| Assignment |
Keeping every word in place, write out the entries that come next.

::::

lemma mult_mult_left_eq:
  assumes "finsupp x" "finsupp y"
  shows "mult q (mult q x y) z (i,j) = (\<Sum>r\<in>supp x. \<Sum>s\<in>supp y. x r * y s *
     z (i - fst r - fst s, j - snd r - snd s) *
     (q powi (2 * fst s * snd r) * q powi (2 * (i - fst r - fst s) * (snd r + snd s))))"
proof -
  define shift :: "int \<times> int \<Rightarrow> int \<times> int \<Rightarrow> int \<times> int"
    where "shift r s = (fst r + fst s, snd r + snd s)" for r s
  define D where "D = (\<lambda>(r,s). shift r s) ` (supp x \<times> supp y)"
  define G where "G r p = x r * y (fst p - fst r, snd p - snd r) * q powi (2 * (fst p - fst r) * snd r)
       * (z (i - fst p, j - snd p) * q powi (2 * (i - fst p) * snd p))" for r p
  have fx: "finite (supp x)" and fy: "finite (supp y)" using assms by (auto simp: finsupp_def)
  then have fD: "finite D" by (simp add: D_def)
  have "mult q (mult q x y) z (i,j) =
     (\<Sum>p\<in>D. mult q x y p * z (i - fst p, j - snd p) * q powi (2 * (i - fst p) * snd p))"
    by (rule mult_sum_superset[OF fD]) (use supp_mult in \<open>simp add: D_def shift_def\<close>)
  also have "\<dots> = (\<Sum>p\<in>D. \<Sum>r\<in>supp x. G r p)"
  proof (rule sum.cong[OF refl])
    fix p :: "int \<times> int"
    show "mult q x y p * z (i - fst p, j - snd p) * q powi (2 * (i - fst p) * snd p) = (\<Sum>r\<in>supp x. G r p)"
      using mult_sum_superset[OF fx order_refl, of q y "fst p" "snd p"]
      by (simp add: G_def sum_distrib_right mult.assoc)
  qed
  also have "\<dots> = (\<Sum>r\<in>supp x. \<Sum>p\<in>D. G r p)" by (rule sum.swap)
  also have "\<dots> = (\<Sum>r\<in>supp x. \<Sum>s\<in>supp y. G r (shift r s))"
  proof (rule sum.cong[OF refl])
    fix r assume r: "r \<in> supp x"
    have inj: "inj_on (shift r) (supp y)" by (rule inj_onI) (auto simp: shift_def prod_eq_iff)
    have "G r p = 0" if "p \<notin> shift r ` supp y" for p
      using that image_eqI[of p "shift r" "(fst p - fst r, snd p - snd r)"]
      by (auto simp: G_def supp_def shift_def)
    then have "(\<Sum>p\<in>D. G r p) = (\<Sum>p\<in>shift r ` supp y. G r p)"
      using r by (intro sum.mono_neutral_right[OF fD]) (auto simp: D_def)
    also have "\<dots> = (\<Sum>s\<in>supp y. G r (shift r s))" by (simp add: sum.reindex[OF inj])
    finally show "(\<Sum>p\<in>D. G r p) = (\<Sum>s\<in>supp y. G r (shift r s))" .
  qed
  also have "\<dots> = (\<Sum>r\<in>supp x. \<Sum>s\<in>supp y. x r * y s *
     z (i - fst r - fst s, j - snd r - snd s) *
     (q powi (2 * fst s * snd r) * q powi (2 * (i - fst r - fst s) * (snd r + snd s))))"
    by (intro sum.cong refl) (simp add: G_def shift_def algebra_simps)
  finally show ?thesis .
qed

::::

| Answer area |
lemma mult_mult_left_eq:
  assumes "finsupp x" "finsupp y"
  shows "mult q (mult q x y) z (i,j) = (\<Sum>r\<in>supp x. \<Sum>s\<in>supp y. x r * y s *
     z (i - fst r - fst s, j - snd r - snd s) *
     (q powi (2 * fst s * snd r) * q powi (2 * (i - fst r - fst s) * (snd r + snd s))))"
proof -
  define shift :: "int \<times> int \<Rightarrow> int \<times> int \<Rightarrow> int \<times> int"
    where "shift r s = (fst r + fst s, snd r + snd s)" for r s
  define D where "D = (\<lambda>(r,s). shift r s) ` (supp x \<times> supp y)"
  define G where "G r p = x r * y (fst p - fst r, snd p - snd r) * q powi (2 * (fst p - fst r) * snd r)
       * (z (i - fst p, j - snd p) * q powi (2 * (i - fst p) * snd p))" for r p
  have fx: "finite (supp x)" and fy: "finite (supp y)" using assms by (auto simp: finsupp_def)
  then have fD: "finite D" by (simp add: D_def)
  have "mult q (mult q x y) z (i,j) =
     (\<Sum>p\<in>D. mult q x y p * z (i - fst p, j - snd p) * q powi (2 * (i - fst p) * snd p))"
    by (rule mult_sum_superset[OF fD]) (use supp_mult in \<open>simp add: D_def shift_def\<close>)
  also have "\<dots> = (\<Sum>p\<in>D. \<Sum>r\<in>supp x. G r p)"
  proof (rule sum.cong[OF refl])
    fix p :: "int \<times> int"
    show "mult q x y p * z (i - fst p, j - snd p) * q powi (2 * (i - fst p) * snd p) = (\<Sum>r\<in>supp x. G r p)"
      using mult_sum_superset[OF fx order_refl, of q y "fst p" "snd p"]
      by (simp add: G_def sum_distrib_right mult.assoc)
  qed
  also have "\<dots> = (\<Sum>r\<in>supp x. \<Sum>p\<in>D. G r p)" by (rule sum.swap)
  also have "\<dots> = (\<Sum>r\<in>supp x. \<Sum>s\<in>supp y. G r (shift r s))"
  proof (rule sum.cong[OF refl])
    fix r assume r: "r \<in> supp x"
    have inj: "inj_on (shift r) (supp y)" by (rule inj_onI) (auto simp: shift_def prod_eq_iff)
    have "G r p = 0" if "p \<notin> shift r ` supp y" for p
      using that image_eqI[of p "shift r" "(fst p - fst r, snd p - snd r)"]
      by (auto simp: G_def supp_def shift_def)
    then have "(\<Sum>p\<in>D. G r p) = (\<Sum>p\<in>shift r ` supp y. G r p)"
      using r by (intro sum.mono_neutral_right[OF fD]) (auto simp: D_def)
    also have "\<dots> = (\<Sum>s\<in>supp y. G r (shift r s))" by (simp add: sum.reindex[OF inj])
    finally show "(\<Sum>p\<in>D. G r p) = (\<Sum>s\<in>supp y. G r (shift r s))" .
  qed
  also have "\<dots> = (\<Sum>r\<in>supp x. \<Sum>s\<in>supp y. x r * y s *
     z (i - fst r - fst s, j - snd r - snd s) *
     (q powi (2 * fst s * snd r) * q powi (2 * (i - fst r - fst s) * (snd r + snd s))))"
    by (intro sum.cong refl) (simp add: G_def shift_def algebra_simps)
  finally show ?thesis .
qed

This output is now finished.